Un réseau d’aires protégées pertinent mais insuffisant

L’équipe de recherche a mis en évidence qu’en Méditerranée, les aires protégées actuelles, et notamment celles au statut de protection forte, sont bien localisées. En effet, elles couvrent de manière générale des zones humides dont les communautés d’oiseaux d’eau pourraient connaître d’importantes difficultés d’adaptation au réchauffement climatique d’ici la fin du XXIème siècle, du fait notamment d’une forte exposition aux futures hausses des températures et pertes des milieux naturels. Leur protection devrait donc faciliter l’adaptation des espèces qu’elles abritent. L’équipe a toutefois identifié près de 490 zones humides à la fois non protégées et dont les communautés pourraient faire face à d’importantes difficultés d’adaptation au réchauffement climatique dans au moins un des quatre scénarios futurs considérés.
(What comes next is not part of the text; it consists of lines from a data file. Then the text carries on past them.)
(* Let $N$ be a natural number, $P=\{a\subseteq N: |a|\geq 2\}$, and let $\|\cdot\|_3$ be the graph coloring norm on subsets of $P$ (defined in the context). Let $E=\{e\subseteq N:|e|=2\}$ and for $A\subseteq P$ let \[\mathcal E_A=\{E'\subseteq E: (\forall e\in E')(\exists p\in A)\, e\subseteq p\ \text{ and }\ (\forall p\in A)(\exists e\in E')\, e\subseteq p\}.\] Then for every $A\subseteq P$, \[\|A\|_3=\min\{\|E'\|_3: E'\in\mathcal E_A\}.\]
   Context: $N=\{0,\ldots,N-1\}$. For $A\subseteq P$ and $z\subseteq N$ let $A\restriction z=\{a\in A: a\subseteq z\}$. The relation "$\|A\|_3\geq m$" is defined recursively: $\|A\|_3\geq 0$ always; $\|A\|_3\geq 1$ iff $A\neq\emptyset$; for $m\geq 1$, $\|A\|_3\geq m+1$ iff for every $z\subseteq N$ either $\|A\restriction z\|_3\geq m$ or $\|A\restriction(N\setminus z)\|_3\geq m$. Then $\|A\|_3$ is the largest $m$ with $\|A\|_3\geq m$. *)

theory Defs
  imports Main
begin

text \<open>Ground set N = {0,...,N-1} is represented as {..<N}.\<close>

definition restr :: "nat set set \<Rightarrow> nat set \<Rightarrow> nat set set" where
  "restr A z = {a \<in> A. a \<subseteq> z}"

text \<open>norm3_ge N A m  means  ||A||_3 >= m.\<close>
fun norm3_ge :: "nat \<Rightarrow> nat set set \<Rightarrow> nat \<Rightarrow> bool" where
  "norm3_ge N A 0 = True"
| "norm3_ge N A (Suc 0) = (A \<noteq> {})"
| "norm3_ge N A (Suc (Suc m)) =
     (\<forall>z. z \<subseteq> {..<N} \<longrightarrow>
        norm3_ge N (restr A z) (Suc m) \<or> norm3_ge N (restr A ({..<N} - z)) (Suc m))"

definition norm3 :: "nat \<Rightarrow> nat set set \<Rightarrow> nat" where
  "norm3 N A = (GREATEST m. norm3_ge N A m)"

definition Pset :: "nat \<Rightarrow> nat set set" where
  "Pset N = {a. a \<subseteq> {..<N} \<and> card a \<ge> 2}"

definition Eset :: "nat \<Rightarrow> nat set set" where
  "Eset N = {e. e \<subseteq> {..<N} \<and> card e = 2}"

definition calE :: "nat \<Rightarrow> nat set set \<Rightarrow> nat set set set" where
  "calE N A = {E'. E' \<subseteq> Eset N \<and> (\<forall>e\<in>E'. \<exists>p\<in>A. e \<subseteq> p) \<and> (\<forall>p\<in>A. \<exists>e\<in>E'. e \<subseteq> p)}"

end

theory Submission
  imports Defs
begin

text \<open>
  If every member of \<open>A\<close> contains an edge of \<open>E'\<close>, then each nonempty restriction of \<open>A\<close>
  has a nonempty restriction of \<open>E'\<close> below it, so \<open>\<parallel>A\<parallel>\<^sub>3 \<le> \<parallel>E'\<parallel>\<^sub>3\<close>.
  Conversely, if \<open>\<parallel>A\<parallel>\<^sub>3 \<le> m\<close> with \<open>m \<ge> 1\<close>, some split \<open>z\<close> gives both \<open>A\<restriction>z\<close> and \<open>A\<restriction>(N-z)\<close>
  norm below \<open>m\<close>; by induction both have edge systems of norm below \<open>m\<close>. Adding, for every
  member of \<open>A\<close> meeting both sides, an edge crossing the split yields an edge system for \<open>A\<close>
  whose restrictions to the two sides are exactly these two, so its norm is at most \<open>m\<close>.
\<close>

lemma restr_subset: "restr A z \<subseteq> A"
  by (auto simp: restr_def)

lemma norm3_ge_Suc_empty [simp]: "\<not> norm3_ge N {} (Suc m)"
  by (induction m) (auto simp: restr_def)

lemma norm3_ge_SucD: "norm3_ge N A (Suc m) \<Longrightarrow> norm3_ge N A m"
proof (induction N A m rule: norm3_ge.induct)
  case (2 N A)
  then have "norm3_ge N (restr A {}) (Suc 0) \<or> norm3_ge N (restr A ({..<N} - {})) (Suc 0)"
    by (simp only: norm3_ge.simps) blast
  then show ?case using restr_subset by auto
next
  case (3 N A m)
  then show ?case by (metis norm3_ge.simps(3))
qed simp

lemma norm3_ge_antimono:
  assumes "norm3_ge N A n" and "m \<le> n"
  shows "norm3_ge N A m"
  using assms(2,1) by (induction m rule: inc_induct) (auto intro: norm3_ge_SucD)

lemma restr_singleton_empty:
  assumes "\<forall>a\<in>A. 2 \<le> card a"
  shows "restr A {w} = {}"
proof -
  have "a \<notin> A" if "a \<subseteq> {w}" for a
    using assms card_mono[OF _ that] by fastforce
  then show ?thesis by (auto simp: restr_def)
qed

lemma norm3_ge_Suc_card_bound:
  assumes "finite W" and "W \<subseteq> {..<N}" and "\<forall>a\<in>A. a \<subseteq> W \<and> 2 \<le> card a"
    and "norm3_ge N A (Suc m)"
  shows "m + 2 \<le> card W"
  using assms
proof (induction m arbitrary: A W)
  case 0
  then obtain a where "a \<in> A" by auto
  with "0.prems"(3) have "a \<subseteq> W" "2 \<le> card a" by auto
  then show ?case using card_mono[OF "0.prems"(1), of a] by simp
next
  case (Suc m)
  have "A \<noteq> {}" using Suc.prems(4) by (metis norm3_ge_Suc_empty)
  then obtain a where "a \<in> A" by blast
  with Suc.prems(3) have "a \<subseteq> W" "a \<noteq> {}" by auto
  then obtain w where w: "w \<in> W" by blast
  have "{w} \<subseteq> {..<N}" using w Suc.prems(2) by auto
  with Suc.prems(4) have "norm3_ge N (restr A {w}) (Suc m) \<or> norm3_ge N (restr A ({..<N} - {w})) (Suc m)"
    by (simp only: norm3_ge.simps)
  moreover have "restr A {w} = {}"
    using Suc.prems(3) by (simp add: restr_singleton_empty)
  ultimately have "norm3_ge N (restr A ({..<N} - {w})) (Suc m)" by simp
  moreover have "\<forall>a\<in>restr A ({..<N} - {w}). a \<subseteq> W - {w} \<and> 2 \<le> card a"
    using Suc.prems(3) by (auto simp: restr_def)
  moreover have "finite (W - {w})" "W - {w} \<subseteq> {..<N}"
    using Suc.prems(1,2) by auto
  ultimately have "m + 2 \<le> card (W - {w})"
    by (intro Suc.IH)
  then show ?case using w Suc.prems(1) by (simp add: card_Diff_singleton)
qed

lemma norm3_ge_bounded: "A \<subseteq> Pset N \<Longrightarrow> \<not> norm3_ge N A (Suc N)"
  using norm3_ge_Suc_card_bound[of "{..<N}" N A N] by (auto simp: Pset_def)

lemma norm3_ge_iff_le_norm3:
  assumes "A \<subseteq> Pset N"
  shows "norm3_ge N A m \<longleftrightarrow> m \<le> norm3 N A"
proof -
  have bounded: "k \<le> N" if "norm3_ge N A k" for k
    using norm3_ge_bounded[OF assms] norm3_ge_antimono[OF that, of "Suc N"] by fastforce
  have "norm3_ge N A (norm3 N A)"
    unfolding norm3_def by (rule GreatestI_nat[of _ 0]) (auto intro: bounded)
  moreover have "k \<le> norm3 N A" if "norm3_ge N A k" for k
    unfolding norm3_def using that bounded by (rule Greatest_le_nat)
  ultimately show ?thesis using norm3_ge_antimono by blast
qed

lemma norm3_ge_if_covered:
  assumes "\<forall>p\<in>A. \<exists>e\<in>B. e \<subseteq> p" and "norm3_ge N A m"
  shows "norm3_ge N B m"
  using assms
proof (induction N A m arbitrary: B rule: norm3_ge.induct)
  case (3 N A m)
  show ?case
  proof (simp only: norm3_ge.simps, intro allI impI)
    fix z assume z: "z \<subseteq> {..<N}"
    have covered: "\<forall>p\<in>restr A y. \<exists>e\<in>restr B y. e \<subseteq> p" for y
      using "3.prems"(1) unfolding restr_def by (fastforce intro: order_trans)
    have "norm3_ge N (restr A z) (Suc m) \<or> norm3_ge N (restr A ({..<N} - z)) (Suc m)"
      using "3.prems"(2) z by simp
    then show "norm3_ge N (restr B z) (Suc m) \<or> norm3_ge N (restr B ({..<N} - z)) (Suc m)"
      using "3.IH"(1)[OF z covered] "3.IH"(2)[OF z covered] by blast
  qed
qed auto

definition crossing_edges :: "nat \<Rightarrow> nat set set \<Rightarrow> nat set \<Rightarrow> nat set set" where
  "crossing_edges N A z = {e \<in> Eset N. (\<exists>p\<in>A. e \<subseteq> p) \<and> \<not> e \<subseteq> z \<and> \<not> e \<subseteq> {..<N} - z}"

lemma restr_Un: "restr (A \<union> B) z = restr A z \<union> restr B z"
  by (auto simp: restr_def)

lemma restr_crossing_edges:
  "restr (crossing_edges N A z) z = {}" "restr (crossing_edges N A z) ({..<N} - z) = {}"
  by (auto simp: restr_def crossing_edges_def)

lemma calE_subset_Eset: "E \<in> calE N A \<Longrightarrow> E \<subseteq> Eset N"
  by (simp add: calE_def)

lemma calE_restr_self: "E \<in> calE N (restr A y) \<Longrightarrow> restr E y = E"
  by (fastforce simp: calE_def restr_def)

lemma calE_restr_disjoint:
  assumes "E \<in> calE N (restr A y)" and "y \<inter> y' = {}"
  shows "restr E y' = {}"
proof -
  have "e \<noteq> {}" if "e \<in> E" for e
    using calE_subset_Eset[OF assms(1)] that by (auto simp: Eset_def)
  moreover have "e \<subseteq> y" if "e \<in> E" for e
    using calE_restr_self[OF assms(1)] that by (auto simp: restr_def)
  ultimately show ?thesis
    using assms(2) unfolding restr_def by blast
qed

lemma crossing_edge_exists:
  assumes "p \<in> A" and "p \<subseteq> {..<N}" and "\<not> p \<subseteq> z" and "\<not> p \<subseteq> {..<N} - z"
  shows "\<exists>e\<in>crossing_edges N A z. e \<subseteq> p"
proof -
  obtain x y where "x \<in> p" "x \<notin> z" "y \<in> p" "y \<in> z"
    using assms(2-4) by blast
  moreover from this have "x \<noteq> y" by blast
  ultimately have "{x, y} \<in> crossing_edges N A z" "{x, y} \<subseteq> p"
    using assms(1,2) by (auto simp: crossing_edges_def Eset_def)
  then show ?thesis by blast
qed

lemma calE_glue:
  assumes A: "A \<subseteq> Pset N"
    and E1: "E1 \<in> calE N (restr A z)" and E2: "E2 \<in> calE N (restr A ({..<N} - z))"
  shows "E1 \<union> E2 \<union> crossing_edges N A z \<in> calE N A"
  unfolding calE_def
proof (intro CollectI conjI ballI)
  have "crossing_edges N A z \<subseteq> Eset N"
    unfolding crossing_edges_def by blast
  then show "E1 \<union> E2 \<union> crossing_edges N A z \<subseteq> Eset N"
    using calE_subset_Eset[OF E1] calE_subset_Eset[OF E2] by simp
next
  have inherited: "\<forall>e\<in>E. \<exists>p\<in>A. e \<subseteq> p" if E: "E \<in> calE N (restr A y)" for E y
  proof
    fix e assume "e \<in> E"
    then obtain p where "p \<in> restr A y" "e \<subseteq> p" using E by (auto simp: calE_def)
    then show "\<exists>p\<in>A. e \<subseteq> p" using restr_subset by blast
  qed
  fix e assume "e \<in> E1 \<union> E2 \<union> crossing_edges N A z"
  then show "\<exists>p\<in>A. e \<subseteq> p"
    using inherited[OF E1] inherited[OF E2] by (auto simp: crossing_edges_def)
next
  fix p assume p: "p \<in> A"
  then have pN: "p \<subseteq> {..<N}" using A by (auto simp: Pset_def)
  consider "p \<subseteq> z" | "p \<subseteq> {..<N} - z" | "\<not> p \<subseteq> z" "\<not> p \<subseteq> {..<N} - z" by blast
  then show "\<exists>e\<in>E1 \<union> E2 \<union> crossing_edges N A z. e \<subseteq> p"
  proof cases
    case 1
    then have "p \<in> restr A z" using p by (simp add: restr_def)
    moreover have "\<forall>q\<in>restr A z. \<exists>e\<in>E1. e \<subseteq> q" using E1 by (simp add: calE_def)
    ultimately show ?thesis by blast
  next
    case 2
    then have "p \<in> restr A ({..<N} - z)" using p by (simp add: restr_def)
    moreover have "\<forall>q\<in>restr A ({..<N} - z). \<exists>e\<in>E2. e \<subseteq> q" using E2 by (simp add: calE_def)
    ultimately show ?thesis by blast
  next
    case 3
    then show ?thesis using crossing_edge_exists[OF p pN] by blast
  qed
qed

lemma exists_calE_not_norm3_ge:
  assumes "A \<subseteq> Pset N" and "\<not> norm3_ge N A (Suc m)"
  shows "\<exists>E\<in>calE N A. \<not> norm3_ge N E (Suc m)"
  using assms
proof (induction m arbitrary: A)
  case 0
  then show ?case by (auto simp: calE_def)
next
  case (Suc m)
  obtain z where z: "z \<subseteq> {..<N}"
    and small1: "\<not> norm3_ge N (restr A z) (Suc m)"
    and small2: "\<not> norm3_ge N (restr A ({..<N} - z)) (Suc m)"
    using Suc.prems(2) by (simp only: norm3_ge.simps) blast
  have restr_Pset: "restr A y \<subseteq> Pset N" for y
    using Suc.prems(1) restr_subset by blast
  obtain E1 where E1: "E1 \<in> calE N (restr A z)" "\<not> norm3_ge N E1 (Suc m)"
    using Suc.IH[OF restr_Pset small1] by blast
  obtain E2 where E2: "E2 \<in> calE N (restr A ({..<N} - z))" "\<not> norm3_ge N E2 (Suc m)"
    using Suc.IH[OF restr_Pset small2] by blast
  define E where "E = E1 \<union> E2 \<union> crossing_edges N A z"
  have "z \<inter> ({..<N} - z) = {}" "({..<N} - z) \<inter> z = {}" by auto
  then have "restr E z = E1" "restr E ({..<N} - z) = E2"
    using calE_restr_self[OF E1(1)] calE_restr_disjoint[OF E1(1)]
      calE_restr_self[OF E2(1)] calE_restr_disjoint[OF E2(1)]
    by (simp_all add: E_def restr_Un restr_crossing_edges)
  then have "\<not> norm3_ge N E (Suc (Suc m))"
    using z E1(2) E2(2) by (simp only: norm3_ge.simps) blast
  moreover have "E \<in> calE N A"
    unfolding E_def using calE_glue[OF Suc.prems(1) E1(1) E2(1)] .
  ultimately show ?case by blast
qed

lemma calE_subset_Pset: "E \<in> calE N A \<Longrightarrow> E \<subseteq> Pset N"
  by (auto simp: calE_def Eset_def Pset_def)

lemma finite_calE: "finite (calE N A)"
proof (rule finite_subset)
  show "calE N A \<subseteq> Pow (Pow {..<N})" by (auto simp: calE_def Eset_def)
qed simp

lemma norm3_le_norm3_calE:
  assumes "A \<subseteq> Pset N" and "E \<in> calE N A"
  shows "norm3 N A \<le> norm3 N E"
proof -
  have "norm3_ge N A (norm3 N A)"
    using norm3_ge_iff_le_norm3[OF assms(1)] by simp
  moreover have "\<forall>p\<in>A. \<exists>e\<in>E. e \<subseteq> p"
    using assms(2) by (simp add: calE_def)
  ultimately have "norm3_ge N E (norm3 N A)"
    using norm3_ge_if_covered by blast
  then show ?thesis
    using norm3_ge_iff_le_norm3[OF calE_subset_Pset[OF assms(2)]] by simp
qed

theorem theorem5p26:
  fixes N :: nat and A :: "nat set set"
  assumes "A \<subseteq> Pset N"
  shows "norm3 N A = Min (norm3 N ` calE N A)"
proof -
  have "\<not> norm3_ge N A (Suc (norm3 N A))"
    using norm3_ge_iff_le_norm3[OF assms] by simp
  then obtain E where E: "E \<in> calE N A" "\<not> norm3_ge N E (Suc (norm3 N A))"
    using exists_calE_not_norm3_ge[OF assms] by blast
  then have "norm3 N E \<le> norm3 N A"
    using norm3_ge_iff_le_norm3[OF calE_subset_Pset[OF E(1)]] by simp
  then have "norm3 N A \<in> norm3 N ` calE N A"
    using norm3_le_norm3_calE[OF assms E(1)] E(1) by (metis image_eqI le_antisym)
  then show ?thesis
    using norm3_le_norm3_calE[OF assms] finite_calE by (intro Min_eqI[symmetric]) auto
qed

end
Parmi ces zones humides, 32 sont d’importance internationale pour les oiseaux d’eau et sont situées principalement en Turquie, en Espagne et dans certains pays du Maghreb.

 

Carte des zones humides non protégées du bassin méditerranéen dont les communautés d’oiseaux d’eau pourraient avoir d’importantes difficultés d’adaptation au réchauffement climatique d’ici 2100. Les pays sans zone humide étudiée sont représentés en gris foncé.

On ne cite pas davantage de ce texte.